To do ▸ Starting with the line that contains "b_l, namely [a_(l-1), b_l]" and stopping after the line that contains "using a_range[OF that]", copy the entries below exactly. Include nothing else.

Data shown ▸
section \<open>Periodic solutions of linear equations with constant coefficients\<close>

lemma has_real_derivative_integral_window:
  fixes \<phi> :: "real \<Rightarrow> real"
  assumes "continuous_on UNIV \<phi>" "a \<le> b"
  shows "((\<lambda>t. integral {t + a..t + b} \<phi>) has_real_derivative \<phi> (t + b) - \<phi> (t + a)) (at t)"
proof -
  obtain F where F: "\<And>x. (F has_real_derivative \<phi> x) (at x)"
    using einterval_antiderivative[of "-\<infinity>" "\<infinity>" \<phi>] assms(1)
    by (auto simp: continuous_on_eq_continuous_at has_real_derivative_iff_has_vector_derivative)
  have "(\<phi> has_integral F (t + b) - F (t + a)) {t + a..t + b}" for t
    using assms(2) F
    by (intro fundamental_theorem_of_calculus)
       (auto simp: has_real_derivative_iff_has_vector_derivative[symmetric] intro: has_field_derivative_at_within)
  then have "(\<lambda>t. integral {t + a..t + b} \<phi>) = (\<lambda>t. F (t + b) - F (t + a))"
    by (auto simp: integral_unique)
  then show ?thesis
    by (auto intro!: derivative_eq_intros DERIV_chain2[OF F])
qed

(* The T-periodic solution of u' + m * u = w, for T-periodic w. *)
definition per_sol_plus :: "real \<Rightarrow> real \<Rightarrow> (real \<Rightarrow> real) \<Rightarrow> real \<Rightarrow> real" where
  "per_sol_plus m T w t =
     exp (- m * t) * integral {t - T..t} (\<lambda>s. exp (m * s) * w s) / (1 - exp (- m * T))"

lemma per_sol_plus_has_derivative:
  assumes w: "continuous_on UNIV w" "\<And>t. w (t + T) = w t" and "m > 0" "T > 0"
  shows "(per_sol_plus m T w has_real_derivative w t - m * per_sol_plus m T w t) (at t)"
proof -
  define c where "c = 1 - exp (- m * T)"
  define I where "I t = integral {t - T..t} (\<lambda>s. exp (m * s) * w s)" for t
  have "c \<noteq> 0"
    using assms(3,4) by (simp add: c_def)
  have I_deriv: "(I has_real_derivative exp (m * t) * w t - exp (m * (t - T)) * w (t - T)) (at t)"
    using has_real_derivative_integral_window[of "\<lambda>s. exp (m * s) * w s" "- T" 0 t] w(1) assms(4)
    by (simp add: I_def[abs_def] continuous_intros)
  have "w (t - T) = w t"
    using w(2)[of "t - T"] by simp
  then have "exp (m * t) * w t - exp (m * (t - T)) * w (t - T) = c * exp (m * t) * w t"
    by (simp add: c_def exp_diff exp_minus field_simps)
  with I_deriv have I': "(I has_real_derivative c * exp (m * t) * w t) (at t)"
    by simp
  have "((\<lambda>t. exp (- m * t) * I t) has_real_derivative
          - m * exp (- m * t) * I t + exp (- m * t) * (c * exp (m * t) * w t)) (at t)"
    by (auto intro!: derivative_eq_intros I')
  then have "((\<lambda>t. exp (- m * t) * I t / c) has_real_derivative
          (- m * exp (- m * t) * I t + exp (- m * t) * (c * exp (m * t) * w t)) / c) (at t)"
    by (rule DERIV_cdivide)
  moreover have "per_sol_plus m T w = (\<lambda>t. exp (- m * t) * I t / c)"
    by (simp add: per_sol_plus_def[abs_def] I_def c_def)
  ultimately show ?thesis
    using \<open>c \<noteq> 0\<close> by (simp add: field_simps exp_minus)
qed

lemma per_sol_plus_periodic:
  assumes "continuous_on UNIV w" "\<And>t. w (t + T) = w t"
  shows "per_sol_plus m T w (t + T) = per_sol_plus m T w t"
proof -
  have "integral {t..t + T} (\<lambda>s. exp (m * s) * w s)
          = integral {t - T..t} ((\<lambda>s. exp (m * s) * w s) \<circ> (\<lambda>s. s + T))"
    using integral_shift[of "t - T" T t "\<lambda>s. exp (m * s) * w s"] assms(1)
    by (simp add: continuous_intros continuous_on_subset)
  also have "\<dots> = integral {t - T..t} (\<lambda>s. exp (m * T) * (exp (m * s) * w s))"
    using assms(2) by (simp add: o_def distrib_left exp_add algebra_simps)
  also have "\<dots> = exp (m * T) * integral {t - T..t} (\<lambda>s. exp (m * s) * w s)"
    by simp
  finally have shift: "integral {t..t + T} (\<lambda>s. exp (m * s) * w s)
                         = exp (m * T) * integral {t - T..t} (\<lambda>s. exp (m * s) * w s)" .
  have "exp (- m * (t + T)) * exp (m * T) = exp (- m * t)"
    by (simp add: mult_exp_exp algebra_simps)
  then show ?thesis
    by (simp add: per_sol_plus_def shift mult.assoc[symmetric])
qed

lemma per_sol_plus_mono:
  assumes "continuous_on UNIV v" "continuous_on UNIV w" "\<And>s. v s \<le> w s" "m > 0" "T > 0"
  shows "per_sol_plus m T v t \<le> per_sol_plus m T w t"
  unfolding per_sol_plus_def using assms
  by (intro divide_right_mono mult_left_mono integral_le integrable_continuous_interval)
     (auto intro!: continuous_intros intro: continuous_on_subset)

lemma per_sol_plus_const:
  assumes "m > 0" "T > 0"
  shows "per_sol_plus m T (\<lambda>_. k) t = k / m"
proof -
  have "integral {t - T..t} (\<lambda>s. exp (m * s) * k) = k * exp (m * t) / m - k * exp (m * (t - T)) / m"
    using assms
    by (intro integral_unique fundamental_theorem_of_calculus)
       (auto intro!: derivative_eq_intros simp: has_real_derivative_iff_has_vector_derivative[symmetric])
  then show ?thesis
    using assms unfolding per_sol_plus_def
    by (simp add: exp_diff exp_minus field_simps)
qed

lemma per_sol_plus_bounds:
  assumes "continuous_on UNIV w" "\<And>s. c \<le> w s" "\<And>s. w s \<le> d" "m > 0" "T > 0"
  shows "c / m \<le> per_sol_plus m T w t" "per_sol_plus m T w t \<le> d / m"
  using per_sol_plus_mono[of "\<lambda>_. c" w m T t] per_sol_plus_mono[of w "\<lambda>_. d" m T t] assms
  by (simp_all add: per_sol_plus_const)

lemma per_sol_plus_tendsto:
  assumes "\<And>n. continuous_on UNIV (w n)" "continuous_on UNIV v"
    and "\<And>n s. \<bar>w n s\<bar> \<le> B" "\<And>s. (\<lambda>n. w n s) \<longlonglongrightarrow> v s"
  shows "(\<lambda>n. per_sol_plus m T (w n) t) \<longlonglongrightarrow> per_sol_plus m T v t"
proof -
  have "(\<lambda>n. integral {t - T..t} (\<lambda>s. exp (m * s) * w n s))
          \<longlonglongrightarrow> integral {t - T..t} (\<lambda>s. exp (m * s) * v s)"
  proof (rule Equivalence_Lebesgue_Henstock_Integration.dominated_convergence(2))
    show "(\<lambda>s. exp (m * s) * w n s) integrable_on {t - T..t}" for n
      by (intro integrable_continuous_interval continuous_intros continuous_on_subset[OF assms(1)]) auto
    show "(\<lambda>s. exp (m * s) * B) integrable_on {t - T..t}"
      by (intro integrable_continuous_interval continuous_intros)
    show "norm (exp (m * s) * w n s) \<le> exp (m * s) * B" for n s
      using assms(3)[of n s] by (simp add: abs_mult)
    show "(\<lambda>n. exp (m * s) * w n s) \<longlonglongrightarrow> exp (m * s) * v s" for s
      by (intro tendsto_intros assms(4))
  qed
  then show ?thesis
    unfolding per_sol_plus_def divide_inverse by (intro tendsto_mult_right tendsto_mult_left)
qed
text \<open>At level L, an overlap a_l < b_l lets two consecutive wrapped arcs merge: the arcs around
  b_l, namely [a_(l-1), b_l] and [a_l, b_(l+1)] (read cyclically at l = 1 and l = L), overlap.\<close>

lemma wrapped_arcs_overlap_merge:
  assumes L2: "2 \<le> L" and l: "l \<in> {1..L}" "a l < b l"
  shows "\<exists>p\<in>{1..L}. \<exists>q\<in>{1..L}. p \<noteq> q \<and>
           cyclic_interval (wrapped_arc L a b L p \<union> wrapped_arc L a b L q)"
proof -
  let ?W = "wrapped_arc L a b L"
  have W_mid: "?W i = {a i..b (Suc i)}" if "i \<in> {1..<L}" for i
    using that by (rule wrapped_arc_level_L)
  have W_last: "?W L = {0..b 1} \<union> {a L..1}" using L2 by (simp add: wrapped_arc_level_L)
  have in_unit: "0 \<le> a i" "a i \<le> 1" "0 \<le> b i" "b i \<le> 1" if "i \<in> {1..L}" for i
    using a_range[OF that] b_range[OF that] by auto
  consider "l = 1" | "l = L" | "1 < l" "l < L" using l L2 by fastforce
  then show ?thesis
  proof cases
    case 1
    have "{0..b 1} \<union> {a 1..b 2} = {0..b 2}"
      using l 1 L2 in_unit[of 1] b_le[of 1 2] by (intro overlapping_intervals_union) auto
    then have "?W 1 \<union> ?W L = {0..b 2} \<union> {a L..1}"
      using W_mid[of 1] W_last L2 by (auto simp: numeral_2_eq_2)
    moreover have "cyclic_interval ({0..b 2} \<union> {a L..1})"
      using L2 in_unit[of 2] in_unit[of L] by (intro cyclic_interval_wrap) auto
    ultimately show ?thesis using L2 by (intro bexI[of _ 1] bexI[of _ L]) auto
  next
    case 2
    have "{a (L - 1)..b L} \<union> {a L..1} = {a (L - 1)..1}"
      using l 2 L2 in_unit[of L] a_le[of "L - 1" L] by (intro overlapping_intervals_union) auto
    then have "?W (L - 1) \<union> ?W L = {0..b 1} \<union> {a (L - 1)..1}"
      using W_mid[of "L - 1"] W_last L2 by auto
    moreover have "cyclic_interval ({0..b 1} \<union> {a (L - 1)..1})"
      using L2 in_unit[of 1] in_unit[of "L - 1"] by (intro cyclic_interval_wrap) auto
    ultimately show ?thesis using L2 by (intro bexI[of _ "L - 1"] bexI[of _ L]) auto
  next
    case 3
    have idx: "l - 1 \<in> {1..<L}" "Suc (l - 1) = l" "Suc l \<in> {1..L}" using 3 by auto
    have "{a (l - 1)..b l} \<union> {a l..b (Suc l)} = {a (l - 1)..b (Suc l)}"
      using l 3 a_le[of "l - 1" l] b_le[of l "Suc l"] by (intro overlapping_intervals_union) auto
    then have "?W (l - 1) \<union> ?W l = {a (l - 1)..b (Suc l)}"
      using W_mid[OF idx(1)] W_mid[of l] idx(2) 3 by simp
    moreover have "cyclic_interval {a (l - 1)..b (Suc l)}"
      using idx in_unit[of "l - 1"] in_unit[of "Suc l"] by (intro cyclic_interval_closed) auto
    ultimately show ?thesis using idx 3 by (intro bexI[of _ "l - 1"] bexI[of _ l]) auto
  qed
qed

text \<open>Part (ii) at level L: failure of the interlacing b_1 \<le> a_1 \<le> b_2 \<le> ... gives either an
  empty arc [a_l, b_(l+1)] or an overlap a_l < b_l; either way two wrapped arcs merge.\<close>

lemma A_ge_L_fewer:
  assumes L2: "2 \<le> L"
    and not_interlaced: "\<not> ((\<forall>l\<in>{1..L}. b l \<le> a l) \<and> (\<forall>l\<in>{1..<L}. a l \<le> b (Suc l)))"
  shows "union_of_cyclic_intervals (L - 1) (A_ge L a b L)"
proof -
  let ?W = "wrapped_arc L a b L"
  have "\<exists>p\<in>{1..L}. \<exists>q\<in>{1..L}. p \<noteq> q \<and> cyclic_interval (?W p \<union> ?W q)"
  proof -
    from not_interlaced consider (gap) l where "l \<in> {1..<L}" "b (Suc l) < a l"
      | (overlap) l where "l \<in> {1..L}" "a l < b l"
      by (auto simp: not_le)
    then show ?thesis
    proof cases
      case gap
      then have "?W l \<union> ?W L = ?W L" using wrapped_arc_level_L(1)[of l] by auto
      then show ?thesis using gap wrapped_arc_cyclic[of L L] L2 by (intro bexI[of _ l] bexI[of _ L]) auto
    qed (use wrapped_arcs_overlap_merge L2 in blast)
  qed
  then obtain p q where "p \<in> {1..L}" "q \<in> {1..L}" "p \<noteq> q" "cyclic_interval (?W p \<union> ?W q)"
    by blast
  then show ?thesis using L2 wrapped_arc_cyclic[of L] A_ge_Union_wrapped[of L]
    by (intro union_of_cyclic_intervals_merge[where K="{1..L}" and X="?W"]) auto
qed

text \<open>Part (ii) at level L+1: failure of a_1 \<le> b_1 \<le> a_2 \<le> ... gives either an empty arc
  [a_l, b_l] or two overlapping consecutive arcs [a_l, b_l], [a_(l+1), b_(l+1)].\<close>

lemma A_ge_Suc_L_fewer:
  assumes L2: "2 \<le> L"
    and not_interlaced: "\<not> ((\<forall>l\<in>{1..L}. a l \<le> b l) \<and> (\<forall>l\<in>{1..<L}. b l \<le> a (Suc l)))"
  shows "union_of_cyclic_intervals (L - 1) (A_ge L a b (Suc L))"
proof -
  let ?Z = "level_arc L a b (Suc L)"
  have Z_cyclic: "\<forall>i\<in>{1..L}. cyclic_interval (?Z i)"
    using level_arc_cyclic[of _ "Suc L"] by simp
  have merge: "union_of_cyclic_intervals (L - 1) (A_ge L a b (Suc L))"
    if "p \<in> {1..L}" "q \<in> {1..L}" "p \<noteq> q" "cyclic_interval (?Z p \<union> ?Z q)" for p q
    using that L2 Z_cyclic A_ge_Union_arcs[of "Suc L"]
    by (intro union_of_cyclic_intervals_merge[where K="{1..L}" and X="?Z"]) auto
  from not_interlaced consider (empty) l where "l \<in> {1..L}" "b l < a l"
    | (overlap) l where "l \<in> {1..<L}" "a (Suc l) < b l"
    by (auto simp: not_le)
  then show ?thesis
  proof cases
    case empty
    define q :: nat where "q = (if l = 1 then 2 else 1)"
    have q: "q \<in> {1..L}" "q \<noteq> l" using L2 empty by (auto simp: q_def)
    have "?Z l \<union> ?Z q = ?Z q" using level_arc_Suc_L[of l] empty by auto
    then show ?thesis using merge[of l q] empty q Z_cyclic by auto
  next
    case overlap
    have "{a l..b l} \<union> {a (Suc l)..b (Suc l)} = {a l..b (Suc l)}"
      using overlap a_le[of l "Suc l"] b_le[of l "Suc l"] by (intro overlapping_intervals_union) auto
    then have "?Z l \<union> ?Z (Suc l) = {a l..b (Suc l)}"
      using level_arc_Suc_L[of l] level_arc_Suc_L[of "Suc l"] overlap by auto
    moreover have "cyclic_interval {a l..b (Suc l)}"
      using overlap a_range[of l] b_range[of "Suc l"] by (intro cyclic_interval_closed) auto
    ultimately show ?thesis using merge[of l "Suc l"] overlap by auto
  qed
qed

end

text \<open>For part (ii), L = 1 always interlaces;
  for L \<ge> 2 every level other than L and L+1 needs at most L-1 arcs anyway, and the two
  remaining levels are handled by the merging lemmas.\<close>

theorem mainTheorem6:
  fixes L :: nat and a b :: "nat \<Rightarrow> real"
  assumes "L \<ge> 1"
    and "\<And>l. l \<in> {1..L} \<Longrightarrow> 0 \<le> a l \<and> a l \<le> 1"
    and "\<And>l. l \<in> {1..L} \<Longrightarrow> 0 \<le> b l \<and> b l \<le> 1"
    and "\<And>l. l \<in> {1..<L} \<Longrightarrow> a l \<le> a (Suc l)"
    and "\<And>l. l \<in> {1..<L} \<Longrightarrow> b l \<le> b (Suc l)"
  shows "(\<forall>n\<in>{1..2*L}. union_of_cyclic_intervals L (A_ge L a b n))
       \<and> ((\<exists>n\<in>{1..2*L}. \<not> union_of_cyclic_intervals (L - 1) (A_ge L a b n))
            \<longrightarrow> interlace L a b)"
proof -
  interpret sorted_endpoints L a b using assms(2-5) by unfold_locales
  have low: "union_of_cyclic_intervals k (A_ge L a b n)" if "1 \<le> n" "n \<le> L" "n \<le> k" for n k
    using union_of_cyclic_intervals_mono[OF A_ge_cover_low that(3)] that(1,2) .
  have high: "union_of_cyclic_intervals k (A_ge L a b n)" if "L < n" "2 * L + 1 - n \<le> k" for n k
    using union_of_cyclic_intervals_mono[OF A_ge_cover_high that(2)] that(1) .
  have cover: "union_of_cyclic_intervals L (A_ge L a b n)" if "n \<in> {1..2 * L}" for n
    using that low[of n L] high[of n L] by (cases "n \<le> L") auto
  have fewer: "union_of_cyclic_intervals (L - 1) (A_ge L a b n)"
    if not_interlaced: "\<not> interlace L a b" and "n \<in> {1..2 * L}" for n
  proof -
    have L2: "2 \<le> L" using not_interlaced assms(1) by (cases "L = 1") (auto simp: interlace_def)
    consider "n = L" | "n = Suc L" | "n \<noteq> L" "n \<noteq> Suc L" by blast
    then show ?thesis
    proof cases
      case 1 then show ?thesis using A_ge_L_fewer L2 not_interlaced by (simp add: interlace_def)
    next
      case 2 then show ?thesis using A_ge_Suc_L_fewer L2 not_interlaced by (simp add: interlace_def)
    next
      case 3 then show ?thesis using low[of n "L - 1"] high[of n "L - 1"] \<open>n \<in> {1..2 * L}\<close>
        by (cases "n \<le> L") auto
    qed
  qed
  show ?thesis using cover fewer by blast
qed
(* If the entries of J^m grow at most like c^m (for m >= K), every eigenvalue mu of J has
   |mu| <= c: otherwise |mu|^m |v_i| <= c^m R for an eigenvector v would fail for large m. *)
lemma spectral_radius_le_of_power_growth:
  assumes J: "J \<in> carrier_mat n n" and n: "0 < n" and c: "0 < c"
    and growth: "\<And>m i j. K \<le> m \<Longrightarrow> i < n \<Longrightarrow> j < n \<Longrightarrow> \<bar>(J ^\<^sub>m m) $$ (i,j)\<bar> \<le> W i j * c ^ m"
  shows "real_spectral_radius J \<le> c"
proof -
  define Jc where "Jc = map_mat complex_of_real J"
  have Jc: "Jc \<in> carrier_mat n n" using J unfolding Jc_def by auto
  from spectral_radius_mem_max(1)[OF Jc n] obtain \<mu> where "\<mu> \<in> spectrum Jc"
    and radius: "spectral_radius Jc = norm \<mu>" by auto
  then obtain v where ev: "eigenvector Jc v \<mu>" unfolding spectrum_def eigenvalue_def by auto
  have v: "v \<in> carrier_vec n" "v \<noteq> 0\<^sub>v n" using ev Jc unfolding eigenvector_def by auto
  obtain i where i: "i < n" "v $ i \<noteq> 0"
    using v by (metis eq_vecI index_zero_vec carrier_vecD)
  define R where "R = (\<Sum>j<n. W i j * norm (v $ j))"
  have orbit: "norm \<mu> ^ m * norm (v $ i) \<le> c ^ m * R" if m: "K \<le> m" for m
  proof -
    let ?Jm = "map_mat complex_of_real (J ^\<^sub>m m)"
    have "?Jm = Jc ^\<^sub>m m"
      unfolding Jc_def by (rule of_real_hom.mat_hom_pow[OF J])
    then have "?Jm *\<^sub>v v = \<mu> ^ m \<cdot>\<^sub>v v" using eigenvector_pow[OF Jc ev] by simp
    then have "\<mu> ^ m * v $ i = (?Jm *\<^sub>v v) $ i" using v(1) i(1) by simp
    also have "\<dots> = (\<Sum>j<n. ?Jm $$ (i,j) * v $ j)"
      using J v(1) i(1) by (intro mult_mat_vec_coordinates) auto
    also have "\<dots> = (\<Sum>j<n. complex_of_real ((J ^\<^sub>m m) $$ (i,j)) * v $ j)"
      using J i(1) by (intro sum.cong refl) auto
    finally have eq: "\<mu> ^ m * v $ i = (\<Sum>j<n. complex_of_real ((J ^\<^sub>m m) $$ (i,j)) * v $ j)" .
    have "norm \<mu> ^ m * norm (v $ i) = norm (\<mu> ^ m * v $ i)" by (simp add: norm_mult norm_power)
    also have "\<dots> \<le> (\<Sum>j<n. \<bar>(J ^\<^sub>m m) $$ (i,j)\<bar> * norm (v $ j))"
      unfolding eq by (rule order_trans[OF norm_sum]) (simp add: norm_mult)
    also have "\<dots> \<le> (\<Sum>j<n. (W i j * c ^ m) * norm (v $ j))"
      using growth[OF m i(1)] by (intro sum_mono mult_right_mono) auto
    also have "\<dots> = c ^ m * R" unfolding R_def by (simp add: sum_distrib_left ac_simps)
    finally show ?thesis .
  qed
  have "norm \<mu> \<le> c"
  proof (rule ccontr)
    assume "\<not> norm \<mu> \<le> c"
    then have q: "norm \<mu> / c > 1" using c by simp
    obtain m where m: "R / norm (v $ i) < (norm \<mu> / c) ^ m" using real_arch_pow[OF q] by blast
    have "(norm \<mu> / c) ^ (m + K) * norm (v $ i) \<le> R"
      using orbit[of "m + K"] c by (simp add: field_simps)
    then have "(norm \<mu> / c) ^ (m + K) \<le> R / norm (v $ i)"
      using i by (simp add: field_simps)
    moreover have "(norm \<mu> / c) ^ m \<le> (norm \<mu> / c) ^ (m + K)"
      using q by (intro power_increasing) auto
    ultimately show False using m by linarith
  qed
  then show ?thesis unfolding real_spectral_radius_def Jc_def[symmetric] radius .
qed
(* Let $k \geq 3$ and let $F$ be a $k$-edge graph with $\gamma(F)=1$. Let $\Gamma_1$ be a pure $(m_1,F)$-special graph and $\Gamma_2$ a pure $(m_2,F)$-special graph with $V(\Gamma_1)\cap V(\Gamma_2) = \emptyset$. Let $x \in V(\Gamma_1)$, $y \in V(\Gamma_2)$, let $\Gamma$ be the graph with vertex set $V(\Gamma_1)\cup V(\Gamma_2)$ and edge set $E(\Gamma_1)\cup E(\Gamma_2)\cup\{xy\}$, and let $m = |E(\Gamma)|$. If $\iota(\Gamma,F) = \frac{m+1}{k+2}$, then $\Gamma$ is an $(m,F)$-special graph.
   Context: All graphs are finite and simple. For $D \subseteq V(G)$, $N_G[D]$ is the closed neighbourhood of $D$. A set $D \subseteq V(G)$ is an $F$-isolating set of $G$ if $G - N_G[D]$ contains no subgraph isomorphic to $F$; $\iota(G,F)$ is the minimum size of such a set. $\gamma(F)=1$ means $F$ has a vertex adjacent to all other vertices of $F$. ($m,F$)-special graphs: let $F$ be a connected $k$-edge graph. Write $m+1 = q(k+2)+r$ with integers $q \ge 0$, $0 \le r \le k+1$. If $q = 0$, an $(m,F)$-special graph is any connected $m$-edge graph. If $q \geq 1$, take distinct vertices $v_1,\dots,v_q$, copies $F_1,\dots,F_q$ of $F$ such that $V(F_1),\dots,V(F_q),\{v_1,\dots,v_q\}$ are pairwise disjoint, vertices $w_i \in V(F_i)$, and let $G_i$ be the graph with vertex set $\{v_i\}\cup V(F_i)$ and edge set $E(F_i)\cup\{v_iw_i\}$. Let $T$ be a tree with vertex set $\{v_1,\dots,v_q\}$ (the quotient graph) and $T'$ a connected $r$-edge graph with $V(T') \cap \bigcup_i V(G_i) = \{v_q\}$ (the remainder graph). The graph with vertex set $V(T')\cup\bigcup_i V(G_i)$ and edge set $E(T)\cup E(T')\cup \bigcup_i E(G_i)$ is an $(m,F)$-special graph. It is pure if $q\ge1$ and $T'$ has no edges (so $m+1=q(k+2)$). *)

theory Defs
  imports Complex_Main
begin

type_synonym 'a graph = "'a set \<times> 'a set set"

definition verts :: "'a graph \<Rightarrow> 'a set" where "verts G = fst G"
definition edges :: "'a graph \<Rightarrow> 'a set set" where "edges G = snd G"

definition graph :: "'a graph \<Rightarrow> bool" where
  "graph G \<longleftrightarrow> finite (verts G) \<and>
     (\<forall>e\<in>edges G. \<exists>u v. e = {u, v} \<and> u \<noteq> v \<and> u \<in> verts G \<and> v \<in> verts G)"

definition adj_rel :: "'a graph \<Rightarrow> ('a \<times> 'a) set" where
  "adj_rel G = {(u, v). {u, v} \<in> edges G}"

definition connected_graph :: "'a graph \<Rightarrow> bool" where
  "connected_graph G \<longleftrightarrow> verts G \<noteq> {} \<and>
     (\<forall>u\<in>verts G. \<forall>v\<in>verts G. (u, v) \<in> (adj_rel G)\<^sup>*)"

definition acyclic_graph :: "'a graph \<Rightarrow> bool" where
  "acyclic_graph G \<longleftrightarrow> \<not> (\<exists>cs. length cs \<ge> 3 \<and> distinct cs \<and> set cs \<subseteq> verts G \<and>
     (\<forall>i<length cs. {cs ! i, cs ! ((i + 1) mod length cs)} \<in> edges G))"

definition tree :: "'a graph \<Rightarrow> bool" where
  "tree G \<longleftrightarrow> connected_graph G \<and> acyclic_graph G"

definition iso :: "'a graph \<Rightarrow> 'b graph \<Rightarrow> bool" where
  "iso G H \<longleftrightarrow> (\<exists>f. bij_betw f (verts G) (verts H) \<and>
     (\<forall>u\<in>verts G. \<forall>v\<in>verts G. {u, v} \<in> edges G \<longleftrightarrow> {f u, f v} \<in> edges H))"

Your solution ▸
  b_l, namely [a_(l-1), b_l] and [a_l, b_(l+1)] (read cyclically at l = 1 and l = L), overlap.\<close>

lemma wrapped_arcs_overlap_merge:
  assumes L2: "2 \<le> L" and l: "l \<in> {1..L}" "a l < b l"
  shows "\<exists>p\<in>{1..L}. \<exists>q\<in>{1..L}. p \<noteq> q \<and>
           cyclic_interval (wrapped_arc L a b L p \<union> wrapped_arc L a b L q)"
proof -
  let ?W = "wrapped_arc L a b L"
  have W_mid: "?W i = {a i..b (Suc i)}" if "i \<in> {1..<L}" for i
    using that by (rule wrapped_arc_level_L)
  have W_last: "?W L = {0..b 1} \<union> {a L..1}" using L2 by (simp add: wrapped_arc_level_L)
  have in_unit: "0 \<le> a i" "a i \<le> 1" "0 \<le> b i" "b i \<le> 1" if "i \<in> {1..L}" for i
    using a_range[OF that] b_range[OF that] by auto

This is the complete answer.